As a Senior Software Engineer on this team, you will be part of a high visibility team whose core purpose is to help product teams leverage the best of cloud technologies especially focusing on data, analytics and machine learning needs. 

Since this team engages with many teams and work across organizations, your involvement will vary across projects and teams ranging from purely providing guidance / shepherding to completely designing and executing from scratch.

 

To highlight some responsibilities, you will be:

 

  • Collaborating with Data Platform & Infrastructure teams, product Data Scientists, ML modeling engineers, Cloud PSOs to develop and/or leverage frameworks, cloud technologies, off-the-shelf platform components, data processing solutions and any other technology that is needed to ensure success of the ML (and analytics) data and infrastructure needs

 

  • Understanding the existing architecture (both on-premise and multiple cloud environments) and building powerful, flexible, and user-friendly infrastructure that powers all of ML

 

  • Designing, prototyping and building  a low-latency, high-throughput data pipeline for our ML models including components such as ingestion, processing, transformation, inferring and monitoring

 

  • Identifying areas of improvement and thereby proposing small, medium and large initiatives that help accelerate ML end to end pipeline

 

  • Running POCs and supporting ML and Data infrastructure future investments and migrations

 

  • Shepherding high-quality data products that let product and engineering teams understand their product and evolve their ML investments

 

  • Filling knowledge and onboarding gap between product teams and other company wide initiatives being led in data and ML infrastructure space

 

  • Assessing and sharing experience with external open source (as well as proprietary softwares) that may benefit Twitter ML and Data needs and can be potentially onboarded

 

  • Evaluating and guiding teams on cost optimization, standards and best practices for large-scale distributed systems

 

You will be a part of an early stage team and have a significant stake in not only defining its own future, but multiple teams across organizations.

Qualifications

  • BS, MS, or Ph.D. in Computer Science (or similar field) with 5+ years of related or equivalent experience with data infrastructure and/or distributed systems

  • Proficiency with Scala, Python or Java and willingness to adapt to new ones in future

  • Strong background in building scalable and fault-tolerant distributed data systems

    • Past experience in writing and debugging ETL (or ELT) jobs using a distributed data framework (such as Dataflow, Spark, MapReduce, Hadoop Pig, Hive, etc)
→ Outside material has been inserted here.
(* Let the setting described in the context hold, with the sequential transmission protocol (TP1). Then for every $t\in\{0,\kappa,2\kappa,\ldots\}$ the finite-horizon optimal control problem $$\min_{\eta_t,\Theta_t}\ \mathbb{E}_{x_t}\big[x_{t:N+1}^\top\mathcal{Q}x_{t:N+1}+(u^a_{t:N})^\top\mathcal{R}u^a_{t:N}\big]$$ subject to $x_{t:N+1}=\mathcal{A}x_t+\mathcal{B}u^a_{t:N}+\mathcal{D}w_{t:N}$, $u^a_{t:N}=\mathcal{S}\eta_t+\mathcal{S}\Theta_t\varphi(w_{t:N-1})$, and $u_s\in\mathbb{U}$ for all $s$, is convex and feasible, and it can be rewritten as the following tractable program with tightened constraints: $$\min_{\eta_t,\Theta_t}\ 2\,\mathrm{tr}\big(\Theta_t^\top\mu_{\mathcal{S}}^\top\mathcal{B}^\top\mathcal{Q}\mathcal{D}\Sigma'_{\varphi}\big)+2x_t^\top\mathcal{A}^\top\mathcal{Q}\mathcal{B}\mu_{\mathcal{S}}\eta_t+\mathrm{tr}\big(\eta_t^\top\Sigma_{\mathcal{S}}\eta_t\big)+\mathrm{tr}\big(\Theta_t^\top\Sigma_{\mathcal{S}}\Theta_t\Sigma_{\varphi}\big)+c_t$$ subject to: $\Theta_t$ has the strictly lower block triangular structure described in the context, and $|\eta_t^{(i)}|+\|\Theta_t^{(i)}\|_1\varphi_{\max}\le U_{\max}$ for all $i=1,\ldots,Nm$, where $\eta_t^{(i)}$ is the $i$-th component of $\eta_t$ and $\Theta_t^{(i)}$ the $i$-th row of $\Theta_t$.
   Context: System: $x_{t+1}=Ax_t+Bu^a_t+w_t$, $x_0=\bar x\in\mathbb{R}^d$, with $A\in\mathbb{R}^{d\times d}$, $B\in\mathbb{R}^{m\times m}$-compatible matrix $B\in\mathbb{R}^{d\times m}$. $(w_t)_{t\in\mathbb{N}}$ is an i.i.d. sequence of zero-mean $\mathbb{R}^d$-valued random vectors with bounded fourth moments, each component of $w_t$ symmetrically distributed about the origin. The state is measured perfectly at every time and the sensor-to-controller channel is noiseless. Controls must lie in $\mathbb{U}=\{v\in\mathbb{R}^m:\|v\|_\infty\le U_{\max}\}$, $U_{\max}>0$. The computed control $u_t$ is sent over an erasure channel to the actuator; $(\nu_t)_{t\in\mathbb{N}}$ is an i.i.d. Bernoulli $\{0,1\}$ sequence with $\mathbb{E}[\nu_t]=p\in\,]0,1]$, independent of $(w_t)$; $\nu_t=1$ means successful transmission and $\nu_t=0$ a dropout. Acknowledgements are available to the controller, so $w_t=x_{t+1}-Ax_t-Bu^a_t$ is known to the controller at time $t+1$. $u^a_t$ denotes the control actually applied at the actuator. Notation: for a sequence $(s_n)$, $s_{n:k}=(s_n^\top,\ldots,s_{n+k-1}^\top)^\top$. Fix a horizon $N\in\mathbb{N}$ and an integer $\kappa\in\{1,\ldots,N\}$ (the recalculation interval). $Q,Q_f\in\mathbb{R}^{d\times d}$ are symmetric positive semidefinite and $R\in\mathbb{R}^{m\times m}$ symmetric positive definite; $\mathcal{Q}=\mathrm{blkdiag}(Q,\ldots,Q,Q_f)$ ($N$ copies of $Q$), $\mathcal{R}=\mathrm{blkdiag}(R,\ldots,R)$ ($N$ copies). $\mathcal{A}=(I_d;A;\ldots;A^N)\in\mathbb{R}^{(N+1)d\times d}$; $\mathcal{B}\in\mathbb{R}^{(N+1)d\times Nm}$ has block $(i,j)$ ($i=0,\ldots,N$, $j=1,\ldots,N$) equal to $A^{i-j}B$ if $i\ge j$ and $0$ otherwise; $\mathcal{D}\in\mathbb{R}^{(N+1)d\times Nd}$ has block $(i,j)$ equal to $A^{i-j}$ if $i\ge j$ and $0$ otherwise. Policy class: $u_{t:N}=\eta_t+\Theta_t\varphi(w_{t:N-1})$, i.e. $u_{t+\ell}=\eta_{t+\ell}+\sum_{i=0}^{\ell-1}\theta_{\ell,t+i}\varphi_{i+1}(w_{t+i})$, $\ell=0,\ldots,N-1$, where $\eta_t=(\eta_t^\top,\ldots,\eta_{t+N-1}^\top)^\top\in\mathbb{R}^{Nm}$, $\varphi(w_{t:N-1})=(\varphi_1(w_t)^\top,\ldots,\varphi_{N-1}(w_{t+N-2})^\top)^\top$ with each $\varphi_i:\mathbb{R}^d\to\mathbb{R}^d$ a measurable saturation-type map symmetric about the origin with $\mathbb{E}[\varphi_i(w_{t+i-1})]=0$ and $\|\varphi(w_{t:N-1})\|_\infty\le\varphi_{\max}$; $\Theta_t\in\mathbb{R}^{Nm\times(N-1)d}$ is strictly lower block triangular: its block row $\ell$ ($\ell=0,\ldots,N-1$) is $(\theta_{\ell,t},\ldots,\theta_{\ell,t+\ell-1},0,\ldots,0)$ with $\theta_{\ell,s}\in\mathbb{R}^{m\times d}$ (block row $0$ is zero). Protocol TP1 (sequential transmission): the control value $u_s$ is transmitted at every step; if lost, zero control is applied. Hence $u^a_{t:N}=\mathcal{S}\eta_t+\mathcal{S}\Theta_t\varphi(w_{t:N-1})$ with $\mathcal{S}=\mathrm{blkdiag}(\nu_tI_m,\ldots,\nu_{t+\kappa-1}I_m,I_{m(N-\kappa)})$. Quantities: $\Sigma_\varphi=\mathbb{E}[\varphi(w_{t:N-1})\varphi(w_{t:N-1})^\top]$, $\Sigma'_\varphi=\mathbb{E}[w_{t:N}\varphi(w_{t:N-1})^\top]$, $\Sigma_W=\mathbb{E}[w_{t:N}w_{t:N}^\top]$, $\mu_{\mathcal{S}}=\mathbb{E}[\mathcal{S}]$, $\Sigma_{\mathcal{S}}=\mathbb{E}[\mathcal{S}^\top(\mathcal{B}^\top\mathcal{Q}\mathcal{B}+\mathcal{R})\mathcal{S}]$, $c_t=x_t^\top\mathcal{A}^\top\mathcal{Q}\mathcal{A}x_t+\mathrm{tr}(\mathcal{D}^\top\mathcal{Q}\mathcal{D}\Sigma_W)$. $\mathbb{E}_{x_t}$ denotes expectation conditional on $x_t$. *)

theory Defs
  imports "HOL-Probability.Probability" "Jordan_Normal_Form.Matrix"
begin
    • Experience with lambda or kappa architectures: real-time streaming (Apache Kafka, Apache Beam, Heron, Spark Streaming) and batch pipelines.

    • Proficiency with SQL (BigQuery, Redshift, Hive, Presto, Vertica)

  • Experience with ML model training and inference in production and at scale focusing on infrastructure needs (rather than building model or model evaluation itself).

    • Familiarity with ML feature engineering and feature store (batch and real-time)

  • Experience with Google Cloud Platform (including components such as BigQuery, BigTable, BQML, VertexAI, DataFlow) or other Cloud Solutions (AWS, Azure)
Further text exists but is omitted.